*Required work:*
Scan the records below, and wherever a line has the word "infty", pull it out.

Input records START

(* Let $\mathbf C$ be the middle-third Cantor set, $s=\log_32$, $\mathcal R=\bigcup\{\mathbf C+k/3^n:k,n\in\mathbb Z\}$, $\mathfrak H^s$ the $s$-dimensional Hausdorff measure restricted to $\mathcal R$, and $\mathcal H=L^2(\mathcal R,\mathfrak H^s)$. Let $M$ be the cascade operator $M=U^{-1}\pi(m_0)$ on $\mathcal H$, i.e. $M\xi(x)=\xi(3x)+\xi(3x-2)$. Let $\xi\in\mathcal H$ have bounded support and suppose $\xi$ is not a constant multiple of $\chi_{\mathbf C}$. Then there is a constant $c_\xi>0$ such that $\lim_{n\to\infty}\|M^{n+1}\xi-M^n\xi\|^2=c_\xi$. In particular, $(M^n\xi)_{n\in\mathbb N}$ does not converge in $\mathcal H$.
   Context: Here $Uf(x)=\frac1{\sqrt2}f(x/3)$ and $Tf(x)=f(x-1)$ are unitary operators on $\mathcal H$, $\pi(f)=f(T)$ for $f\in L^\infty(\mathbb T)$ (so $\pi(z^n)=T^n$), and $m_0(z)=\frac1{\sqrt2}(1+z^2)$, so $\pi(m_0)=\frac1{\sqrt2}(I+T^2)$. *)

theory Defs
  imports "HOL-Analysis.Analysis"
begin

definition cantor_set :: "real set" where
  "cantor_set = {x. \<exists>d::nat \<Rightarrow> nat. (\<forall>k. d k \<in> {0, 2}) \<and>
                     x = (\<Sum>k. real (d k) / 3 ^ Suc k)}"

definition cantor_R :: "real set" where
  "cantor_R = \<Union> {(\<lambda>x. x + real_of_int k / 3 powi n) ` cantor_set | k n :: int. True}"

text \<open>s-dimensional Hausdorff outer measure on the real line (countable covers by
  bounded sets of diameter at most delta, no normalising constant).\<close>
definition hausdorff_delta :: "real \<Rightarrow> real \<Rightarrow> real set \<Rightarrow> ennreal" where
  "hausdorff_delta s \<delta> A =
     (INF U \<in> {U :: nat \<Rightarrow> real set. A \<subseteq> (\<Union>i. U i) \<and>
                 (\<forall>i. bounded (U i) \<and> diameter (U i) \<le> \<delta>)}.
        (\<Sum>i. ennreal (diameter (U i) powr s)))"

definition hausdorff_outer :: "real \<Rightarrow> real set \<Rightarrow> ennreal" where
  "hausdorff_outer s A = (SUP \<delta> \<in> {0<..}. hausdorff_delta s \<delta> A)"

definition cantor_measure :: "real measure" where
  "cantor_measure = measure_of UNIV (sets borel)
      (\<lambda>A. hausdorff_outer (log 3 2) (A \<inter> cantor_R))"

definition in_L2 :: "(real \<Rightarrow> complex) \<Rightarrow> bool" where
  "in_L2 f \<longleftrightarrow> f \<in> borel_measurable cantor_measure \<and>
                integrable cantor_measure (\<lambda>x. (cmod (f x))\<^sup>2)"

definition L2_norm_sq :: "(real \<Rightarrow> complex) \<Rightarrow> real" where
  "L2_norm_sq f = integral\<^sup>L cantor_measure (\<lambda>x. (cmod (f x))\<^sup>2)"

definition cascade :: "(real \<Rightarrow> complex) \<Rightarrow> (real \<Rightarrow> complex)" where
  "cascade \<xi> = (\<lambda>x. \<xi> (3 * x) + \<xi> (3 * x - 2))"

end

theory Submission
  imports Defs
begin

Input records END

*Result below:*
(* Let $\mathbf C$ be the middle-third Cantor set, $s=\log_32$, $\mathcal R=\bigcup\{\mathbf C+k/3^n:k,n\in\mathbb Z\}$, $\mathfrak H^s$ the $s$-dimensional Hausdorff measure restricted to $\mathcal R$, and $\mathcal H=L^2(\mathcal R,\mathfrak H^s)$. Let $M$ be the cascade operator $M=U^{-1}\pi(m_0)$ on $\mathcal H$, i.e. $M\xi(x)=\xi(3x)+\xi(3x-2)$. Let $\xi\in\mathcal H$ have bounded support and suppose $\xi$ is not a constant multiple of $\chi_{\mathbf C}$. Then there is a constant $c_\xi>0$ such that $\lim_{n\to\infty}\|M^{n+1}\xi-M^n\xi\|^2=c_\xi$. In particular, $(M^n\xi)_{n\in\mathbb N}$ does not converge in $\mathcal H$.
   Context: Here $Uf(x)=\frac1{\sqrt2}f(x/3)$ and $Tf(x)=f(x-1)$ are unitary operators on $\mathcal H$, $\pi(f)=f(T)$ for $f\in L^\infty(\mathbb T)$ (so $\pi(z^n)=T^n$), and $m_0(z)=\frac1{\sqrt2}(1+z^2)$, so $\pi(m_0)=\frac1{\sqrt2}(I+T^2)$. *)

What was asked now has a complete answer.